China: Demographics, Digitisation, Data and Demand

The catalogue of China’s macro challenges is obvious and well-rehearsed. Trade tensions, a rising debt burden, misallocation of capital and environmental shortcomings are familiar headline grabbers.

Less appreciated – it’s a vast country with many sub plots. The collage of cities, regions, climates, income disparities, and cuisine provides different challenges and opportunities on a vast scale. Most of all there is a huge domestic demand – retail sales exceeded the US by nearly $100 bn in 2018 – and low levels of household debt. Close local knowledge of these differences and a differentiated product offering are essential for a successful investment strategy, not least in real estate.

One key benefit of spreading economic growth inland is the income and consumption growth of a much larger portion of the population. The size and sophistication of Chinese e-commerce dwarfs anywhere else on the planet. This in turn is shifting the movement of goods from predominantly export driven to intra-regional. From a real estate perspective, we see the demand for modern logistics warehouses expanding from predominately Tier-1 markets into Tier-2 and Tier-3 cities. With a short development cycle, assured tenant demand, and an abundance of global and domestic capital seeking stabilised logistics assets, we continue to believe returns from build-to-core strategy for modern logistics facilities in key population centres across the country are attractive.

Another plus from e-commerce and the wider adaptation of internet and mobile usages is demand for data centres as an emerging real estate asset class. Despite the mature infrastructure in both broadband and mobile Telecommunications as well as power, the development of truly independent carrier-neutral data centres have lagged due to the higher barrier of entry in terms of technical skills as well as regulatory and licensing requirements. With minimal presence of global data centre operators and only a small number of domestic ones, we believe this is fertile ground for early movers in China.

While industrial asset types such as logistics and data centres are expanding beyond major Tier-1 cities, we continue to keep an eye on these gateway markets. As they have grown to become some of the largest metropolitan zones in the world, old suburban areas have become new commercial districts. Land in prime location is scarce and highly valuable. Fast-paced evolution of these Tier-1 cities over a short period means that many of the older buildings in their prime CBDs are already obsolete, thus presenting a lucrative opportunity for repositioning and refurbishment.

A prime example is Actis’ new office in Shanghai. This is located in a newly refurbished mansion built in early 20th century located within one of the city’s main CBDs. The same office compound was transformed from a run-down state-owned enterprise office campus to a thriving hub of companies ranging from tech start up to fashion designers and from boutique law firms to domestic and foreign investment firms, including Actis.

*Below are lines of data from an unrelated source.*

(* Let $q\ge2$ and $\ell\ge3$ be integers, $n$ a positive integer, $P=\lceil \frac{\log_q n+\log_q\log_q n}{2}\rceil$, and $a\in[0,P-1]$. Then the code $$\mathcal{C}=\{\boldsymbol{x}\in\Sigma_q^n:\ \boldsymbol{x}\text{ is good},\ \mathrm{Inv}(\boldsymbol{x})\equiv a\pmod P\}$$ is an $\ell$-read $(n,3)_q$-code. Moreover, there exists $a\in[0,P-1]$ such that $r(\mathcal{C})\le \log_q P+o(1)=\log_q\log_q n-\log_q 2+o(1)$ as $n\to\infty$.
   Context: $\Sigma_q=\{0,\dots,q-1\}$, $[i,j]=\{i,\dots,j\}$. For $\boldsymbol{x}\in\Sigma_q^n$, $x[i]$ is its $i$-th entry, with $x[i]=0$ for $i\notin[1,n]$, and $\boldsymbol{x}[i,j]=(x[i],\dots,x[j])$. The $\ell$-read vector of $\boldsymbol{x}$ is the length-$(n+\ell-1)$ vector $\mathcal{R}_\ell(\boldsymbol{x})$ whose $i$-th entry is the multiset $\{\{x[i-\ell+1],\dots,x[i]\}\}$. A set $\mathcal{C}\subseteq\Sigma_q^n$ is an $\ell$-read $(n,d)_q$-code if $d_H(\mathcal{R}_\ell(\boldsymbol{x}),\mathcal{R}_\ell(\boldsymbol{y}))\ge d$ for all distinct $\boldsymbol{x},\boldsymbol{y}\in\mathcal{C}$ ($d_H$ = Hamming distance). Redundancy: $r(\mathcal{C})=n-\log_q|\mathcal{C}|$. $\mathrm{Inv}(\boldsymbol{x})=|\{(i,j):1\le i<j\le n,\ x[i]>x[j]\}|$. A sequence is alternating if it is of the form $abab\cdots$ (of any length) for two distinct symbols $a,b$. For $\ell\ge3$, $\boldsymbol{x}\in\Sigma_q^n$ is good if for every integer $t\ge\frac{\log_q n+\log_q\log_q n}{2}-1$ and every $i\in[1,n-t\ell-1]$, the sequence $(x[i],x[i+1],x[i+\ell],x[i+\ell+1],\dots,x[i+t\ell],x[i+t\ell+1])$ of length $2(t+1)$ is not alternating. *)

theory Defs
  imports Complex_Main "HOL-Library.Multiset"
begin

definition words :: "nat \<Rightarrow> nat \<Rightarrow> nat list set" where
  "words q n = {xs. length xs = n \<and> set xs \<subseteq> {..<q}}"

text \<open>1-based entry x[i], with x[i] = 0 for i outside [1,n].\<close>
definition entry :: "nat list \<Rightarrow> int \<Rightarrow> nat" where
  "entry xs i = (if 1 \<le> i \<and> i \<le> int (length xs) then xs ! (nat i - 1) else 0)"

definition read_vec :: "nat \<Rightarrow> nat list \<Rightarrow> nat multiset list" where
  "read_vec l xs = map (\<lambda>i. mset (map (entry xs) [int i - int l + 1 .. int i]))
                       [1..<length xs + l]"

definition hamming :: "'a list \<Rightarrow> 'a list \<Rightarrow> nat" where
  "hamming u v = card {i. i < length u \<and> i < length v \<and> u ! i \<noteq> v ! i}"

definition is_read_code :: "nat \<Rightarrow> nat \<Rightarrow> nat \<Rightarrow> nat \<Rightarrow> nat list set \<Rightarrow> bool" where
  "is_read_code l q n d C \<longleftrightarrow> C \<subseteq> words q n \<and>
     (\<forall>x\<in>C. \<forall>y\<in>C. x \<noteq> y \<longrightarrow> hamming (read_vec l x) (read_vec l y) \<ge> d)"

definition redundancy :: "nat \<Rightarrow> nat \<Rightarrow> nat list set \<Rightarrow> real" where
  "redundancy q n C = real n - log q (real (card C))"

definition Inv :: "nat list \<Rightarrow> nat" where
  "Inv xs = card {(i, j). i < j \<and> j < length xs \<and> xs ! i > xs ! j}"

definition alternating :: "nat list \<Rightarrow> bool" where
  "alternating ys \<longleftrightarrow> (\<exists>a b. a \<noteq> b \<and> (\<forall>k<length ys. ys ! k = (if even k then a else b)))"

definition good :: "nat \<Rightarrow> nat \<Rightarrow> nat list \<Rightarrow> bool" where
  "good q l xs \<longleftrightarrow>
     (\<forall>t::nat. real t \<ge> (log q (length xs) + log q (log q (length xs))) / 2 - 1 \<longrightarrow>
       (\<forall>i::int. 1 \<le> i \<and> i \<le> int (length xs) - int t * int l - 1 \<longrightarrow>
         \<not> alternating (concat (map (\<lambda>s. [entry xs (i + int s * int l), entry xs (i + int s * int l + 1)])
                                      [0..<t + 1]))))"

Such opportunities in Tier-1 cities are boosted further by the policy driven de-leveraging of private enterprises who own many of these centrally located but underused or underperforming assets. We are already seeing assets being offered at well below replacement cost level by such distressed sellers.

As China goes through much needed structural changes, continuing shifts in intra-regional dynamics will persist. Demand for logistics, data centres, prime location commercial assets and other real estate asset types linked to sustainable unmet demand from a vast domestic population with growing income is exciting and immense. Stay tuned.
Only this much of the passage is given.